I don’t wake up at 6:00 a.m. in the morning, shower, and put on my business suit. There are no more conference calls or long discussions about legal statutes with my clients. My footsteps don’t click-clack through the metal detector at the courthouse and I am not perusing through my client files right before the Judge comes to sit on the bench. I am not collecting a paycheck, at least not the monetary kind.
My morning routine is completely different these days. I wake up in the morning and the precise moment, my foot touches the carpet, I hear “Momma, Momma, Is it time to wake up now?” My daughter doesn’t wait for my answer and runs toward my bed. The morning begins at 6:30, no matter what time she slept the night before. I assist her, my primary client, in her morning routine, helping her brush her teeth, bathing her, and putting on her dress or pants, depending on what she wants to wear. We comb her hair together and bolt down the stairs. She is ready to eat breakfast while I am making her lunch for school. After the spoon hits the cereal bowl, we climb into the car, and I drop her off at school.

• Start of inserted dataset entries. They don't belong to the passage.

lemma ext_info_disjoint:
  assumes "c \<in> ext_info" "d \<in> ext_info" "u \<in> c" "u \<in> d"
  shows "c = d"
proof -
  have "u \<notin> active_hist Hb P i \<or> u \<notin> terminal Hb"
    by (simp add: active_hist_def nonterm_hist_def)
  then show ?thesis
    using ext_info_cases[OF assms(1,3)] ext_info_cases[OF assms(2,4)] assms(3,4)
      is_partition_disjoint[OF Info_partition[of i]] is_partition_disjoint[OF Zi_partition]
    by blast
qed

lemma own_eq: "c \<in> ext_info \<Longrightarrow> u \<in> c \<Longrightarrow> v \<in> c \<Longrightarrow> own i u = own i v"
  using recall unfolding perfect_recall_def by blast

lemma info_prec_prefix:
  assumes "c \<in> ext_info" "d \<in> ext_info" "info_prec c d" "g \<in> d"
  obtains l where "l \<in> c" "prefix l g"
  using assms recall unfolding perfect_recall_def info_prec_def by blast

lemma succ_info_in_ext_info: "b' \<in> succ_info ext_info b \<Longrightarrow> b' \<in> ext_info"
  unfolding succ_info_def by blast

lemma succ_act_in_succ_info: "b' \<in> succ_act i ext_info b a \<Longrightarrow> b' \<in> succ_info ext_info b"
  unfolding succ_act_def by blast

lemma ext_info_prefix_eq:
  assumes "c \<in> ext_info" "u \<in> c" "v \<in> c" "prefix u v"
  shows "u = v"
proof (rule ccontr)
  assume "u \<noteq> v"
  from ext_info_cases[OF assms(1,2)] show False
  proof
    assume "c \<in> Info i \<and> u \<in> active_hist Hb P i"
    then have "length (own i u) < length (own i v)"
      using own_length_less ext_info_in_Hb[OF assms(1,3)] assms(4) \<open>u \<noteq> v\<close> by blast
    then show False
      using own_eq[OF assms(1-3)] by simp
  next
    assume "c \<in> Zi \<and> u \<in> terminal Hb"
    then show False
      using ext_info_in_Hb[OF assms(1,3)] assms(4) \<open>u \<noteq> v\<close> unfolding terminal_def by blast
  qed
qed

lemma succ_info_between:
  assumes "b1 \<in> succ_info ext_info b" "b \<in> ext_info" "c \<in> ext_info"
    and "g \<in> b" "l \<in> c" "h1 \<in> b1" "prefix g l" "prefix l h1"
  shows "l = g \<or> l = h1"
proof (rule ccontr)
  assume ne: "\<not> (l = g \<or> l = h1)"
  have b1: "b1 \<in> ext_info" and immediate: "\<not> (\<exists>c\<in>ext_info. info_sprec b c \<and> info_sprec c b1)"
    using assms(1) unfolding succ_info_def by blast+
  have "c \<noteq> b"
    using ext_info_prefix_eq[OF assms(2,4) _ assms(7)] assms(5) ne by blast
  moreover have "c \<noteq> b1"
    using ext_info_prefix_eq[OF b1 _ assms(6,8)] assms(5) ne by blast
  ultimately have "info_sprec b c" "info_sprec c b1"
    using assms(4-8) unfolding info_sprec_def info_prec_def by blast+
  then show False
    using immediate assms(3) by blast
qed

lemma succ_info_intro:
  assumes b: "b \<in> ext_info" "h \<in> b" and b': "b' \<in> ext_info" "g \<in> b'"
    and hg: "prefix h g" "h \<noteq> g"
    and nothing_between: "\<And>l. l \<in> \<Union>ext_info \<Longrightarrow> prefix h l \<Longrightarrow> prefix l g \<Longrightarrow> l = h \<or> l = g"
  shows "b' \<in> succ_info ext_info b"
proof -
  have "b \<noteq> b'"
    using ext_info_prefix_eq[OF b'(1) _ b'(2) hg(1)] b(2) hg(2) by blast
  then have sprec: "info_sprec b b'"
    using b b' hg(1) unfolding info_sprec_def info_prec_def by blast
  have "\<not> info_sprec c b'" if c: "c \<in> ext_info" "info_sprec b c" for c
  proof
    assume cb': "info_sprec c b'"
    then obtain l where l: "l \<in> c" "prefix l g"
      using info_prec_prefix[OF c(1) b'(1) _ b'(2)] unfolding info_sprec_def by blast
    obtain k where k: "k \<in> b" "prefix k l"
      using info_prec_prefix[OF b(1) c(1) _ l(1)] c(2) unfolding info_sprec_def by blast
    have "prefix k h \<or> prefix h k"
      using prefix_same_cases[OF prefix_order.trans[OF k(2) l(2)] hg(1)] .
    then have "k = h"
      using ext_info_prefix_eq[OF b(1) k(1) b(2)] ext_info_prefix_eq[OF b(1) b(2) k(1)] by blast
    then have "l = h \<or> l = g"
      using nothing_between l c(1) k(2) by blast
    then show False
      using ext_info_disjoint b b' c(1) l(1) c(2) cb' unfolding info_sprec_def by blast
  qed
  then show ?thesis
    using sprec b'(1) unfolding succ_info_def by blast
qed

lemma first_succ_info:
  assumes b: "b \<in> ext_info" "h \<in> b" and z: "z \<in> terminal Hb" "prefix (h @ [p]) z"
  obtains b' g where "b' \<in> succ_info ext_info b" "g \<in> b'" "prefix (h @ [p]) g" "prefix g z"
proof -
  let ?Q = "\<lambda>g. g \<in> \<Union>ext_info \<and> prefix (h @ [p]) g \<and> prefix g z"
  have "?Q z"
    using z is_partition_Union[OF Zi_partition] by auto
  then obtain g where g: "?Q g" and least: "\<And>g'. ?Q g' \<Longrightarrow> length g \<le> length g'"
    using ex_has_least_nat[of ?Q z length] by blast
  obtain b' where b': "b' \<in> ext_info" "g \<in> b'"
    using g by blast
  have hg: "prefix h g" "h \<noteq> g"
    using g prefix_order.trans[of h "h @ [p]" g] prefix_length_le[of "h @ [p]" g] by auto
  have "l = h \<or> l = g" if l: "l \<in> \<Union>ext_info" "prefix h l" "prefix l g" for l
  proof (rule ccontr)
    assume ne: "\<not> (l = h \<or> l = g)"
    have "length h < length l"
      using l(2) ne prefix_length_less[of h l] by (auto simp: strict_prefix_def)
    then have "prefix (h @ [p]) l"
      using prefix_length_prefix[of "h @ [p]" g l] g l(3) by simp
    then have "?Q l"
      using l(1,3) g prefix_order.trans[of l g z] by blast
    then have "length g \<le> length l"
      by (rule least)
    then show False
      using l(3) ne by (auto simp: prefix_def)
  qed
  then have "b' \<in> succ_info ext_info b"
    using succ_info_intro[OF b b' hg] by blast
  then show thesis
    using that b'(2) g by blast
qed

lemma succ_info_comparable_eq:
  assumes "b1 \<in> succ_info ext_info b" "b2 \<in> succ_info ext_info b" "h1 \<in> b1" "h2 \<in> b2"
    and "prefix h1 h2"
  shows "b1 = b2"
proof (rule ccontr)
  assume "b1 \<noteq> b2"
  then have "info_sprec b1 b2"
    using assms(3-5) unfolding info_sprec_def info_prec_def by blast
  moreover have "info_sprec b b1" "b1 \<in> ext_info"
    using assms(1) unfolding succ_info_def by blast+
  ultimately show False
    using assms(2) unfolding succ_info_def by blast
qed

lemma succ_info_has_prefix:
  assumes "b \<in> ext_info" "b' \<in> succ_info ext_info b" "h' \<in> b'"
  obtains g where "g \<in> b" "prefix g h'"
  using info_prec_prefix[OF assms(1) _ _ assms(3)] assms(2)
  unfolding succ_info_def info_sprec_def by blast

lemma own_succ_act:
  assumes "b \<in> ext_info" "b' \<in> succ_act i ext_info b a" "h' \<in> b'" "g \<in> b"
  obtains r where "own i h' = own i g @ a # r"
proof -
  obtain g0 h0 p where x: "g0 \<in> b" "h0 \<in> b'" "prefix (g0 @ [p]) h0" "p i = Some a"
    using assms(2) unfolding succ_act_def by blast
  have b': "b' \<in> ext_info"
    using assms(2) unfolding succ_act_def succ_info_def by blast
  obtain r where "h0 = g0 @ [p] @ r"
    using x(3) by (auto elim: prefixE)
  then have "own i h0 = own i g0 @ a # own i r"
    using x(4) by (simp add: own_Cons)
  moreover have "own i h' = own i h0"
    using own_eq[OF b' assms(3) x(2)] .
  moreover have "own i g0 = own i g"
    using own_eq[OF assms(1) x(1) assms(4)] .
  ultimately show thesis
    using that by auto
qed

lemma own_succ_act_split_after:
  assumes "b \<in> ext_info" "g \<in> b"
    and "b1 \<in> succ_act i ext_info b a" "b2 \<in> succ_act i ext_info b a" "h1 \<in> b1" "h2 \<in> b2"
    and "own i h1 = us @ x' # r1" "own i h2 = us @ y' # r2" "x' \<noteq> y'"
  shows "length (own i g) < length us"
proof -
  obtain r1' r2' where "own i h1 = own i g @ a # r1'" "own i h2 = own i g @ a # r2'"
    using own_succ_act[OF assms(1,3,5,2)] own_succ_act[OF assms(1,4,6,2)] by metis
  then have "us @ x' # r1 = own i g @ a # r1'" "us @ y' # r2 = own i g @ a # r2'"
    using assms(7,8) by simp_all
  then show ?thesis
    using same_prefix_nth_eq assms(9) by (meson not_le)
qed

lemma succ_act_no_split_at_own_move:
  assumes b: "b \<in> Info i"
    and b1: "b1 \<in> succ_act i ext_info b a" and b2: "b2 \<in> succ_act i ext_info b a"
    and h1: "as @ x # r1 \<in> b1" and h2: "as @ y # r2 \<in> b2" and xy: "x i \<noteq> y i"
  shows False
proof -
  have bE: "b \<in> ext_info"
    using b by blast
  have s1: "b1 \<in> succ_info ext_info b"
    using b1 by (rule succ_act_in_succ_info)
  have Hb: "as @ x # r1 \<in> Hb" "as @ y # r2 \<in> Hb"
    using ext_info_in_Hb[OF succ_info_in_ext_info[OF s1] h1]
      ext_info_in_Hb[OF succ_info_in_ext_info[OF succ_act_in_succ_info[OF b2]] h2] .
  obtain x' y' where d: "as \<in> active_hist Hb P i" "x i = Some x'" "y i = Some y'" "x' \<noteq> y'"
    using divergence_point[OF Hb xy] by blast
  obtain g where g: "g \<in> b" "prefix g (as @ x # r1)"
    using succ_info_has_prefix[OF bE s1 h1] by blast
  have "own i (as @ x # r1) = own i as @ x' # own i r1" "own i (as @ y # r2) = own i as @ y' # own i r2"
    using d(2,3) by (simp_all add: own_Cons)
  \<comment> \<open>Both histories list i's moves as those of g followed by a, so they split after g.\<close>
  then have less: "length (own i g) < length (own i as)"
    using own_succ_act_split_after[OF bE g(1) b1 b2 h1 h2] d(4) by blast
  have "prefix g as \<or> prefix as g"
    using prefix_same_cases[OF g(2), of as] by simp
  moreover have "\<not> prefix as g"
    using prefix_length_le[OF prefix_own[of as g i]] less by linarith
  ultimately have "prefix g as" "as \<noteq> g"
    by auto
  obtain c where c: "c \<in> ext_info" "as \<in> c"
    using d(1) is_partition_Union[OF Info_partition[of i]] by blast
  then have "as = g \<or> as = as @ x # r1"
    using succ_info_between[OF s1 bE c(1) g(1) c(2) h1 \<open>prefix g as\<close>] by simp
  then show False
    using \<open>as \<noteq> g\<close> by simp
qed

lemma ThetaP_reaches_succ_act:
  assumes b: "b \<in> Info i" "h \<in> b" and \<theta>: "\<theta> \<in> ThetaP Th h" and a: "a \<in> A i h" "\<theta> i \<in> a"
  obtains b' g where "b' \<in> succ_act i ext_info b a" "g \<in> b'" "\<theta> \<in> ThetaP Th g"
proof -
  have h: "h \<in> nonterm_hist Hb" "i \<in> P h"
    using Info_active[OF b] by (simp_all add: active_hist_def)
  obtain p where p: "h @ [p] \<in> Hb" "\<theta> \<in> ThetaP Th (h @ [p])"
    using ThetaP_child[OF h(1) \<theta>] .
  have pi: "p i = Some a"
    using ThetaP_snoc_action[OF p h(2) a] .
  obtain z where z: "z \<in> terminal Hb" "prefix (h @ [p]) z" "\<theta> \<in> ThetaP Th z"
    using ThetaP_extends_to_terminal[OF p] .
  obtain b' g where bg: "b' \<in> succ_info ext_info b" "g \<in> b'" "prefix (h @ [p]) g" "prefix g z"
    using first_succ_info[of b h z p] b z by blast
  have "\<theta> \<in> ThetaP Th g"
    using ThetaP_antimono[OF _ bg(4)] z(1,3) unfolding terminal_def by blast
  moreover have "b' \<in> succ_act i ext_info b a"
    using bg b(2) pi unfolding succ_act_def by blast
  ultimately show thesis
    using that bg(2) by blast
qed

lemma ThetaS_nonempty:
  assumes "c \<in> ext_info"
  shows "ThetaS Th c \<noteq> {}"
proof -
  obtain h where "h \<in> c"
    using ext_info_nonempty[OF assms] by blast
  then show ?thesis
    using ThetaP_nonempty[OF ext_info_in_Hb[OF assms]] unfolding ThetaS_def by blast
qed

lemma ThetaMS_nonempty:
  assumes "c \<in> ext_info"
  shows "ThetaMS Th i c \<noteq> {}"
proof -
  obtain h where "h \<in> c"
    using ext_info_nonempty[OF assms] by blast
  then show ?thesis
    using ThetaM_nonempty[OF ext_info_in_Hb[OF assms]] unfolding ThetaMS_def by blast
qed

lemma ThetaS_succ_info_subset:
  assumes "b \<in> ext_info" "b' \<in> succ_info ext_info b"
  shows "ThetaS Th b' \<subseteq> ThetaS Th b"
proof
  fix \<theta> assume "\<theta> \<in> ThetaS Th b'"
  then obtain h' where h': "h' \<in> b'" "\<theta> \<in> ThetaP Th h'"
    unfolding ThetaS_def by blast
  obtain g where "g \<in> b" "prefix g h'"
    using succ_info_has_prefix[OF assms h'(1)] .
  then show "\<theta> \<in> ThetaS Th b"
    using ThetaP_antimono[OF ext_info_in_Hb[OF succ_info_in_ext_info[OF assms(2)] h'(1)]] h'(2)
    unfolding ThetaS_def by blast
qed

When I return, the house is empty. But this is the time when my work begins. Most days I look at a computer screen, blank, untouched, waiting for me to type words, something that lends meaning to myself and others. I write, not as a hobby, but as a profession. But to others, this is not work. It is a hobby, because I don’t collect a paycheck for my words. I am not driving to an office or making conference calls or sitting in traffic for the long commute home.
Sometimes people say to me, “You don’t work”. I was bothered by this statement initially, but I have accepted that people will always perceive that I really don’t work. I can’t change that perception. In response, I nod my head in agreement, knowing that, yes, I don’t derive a paycheck, but I am privileged to be able to pursue what I define as my work, my family and my writing.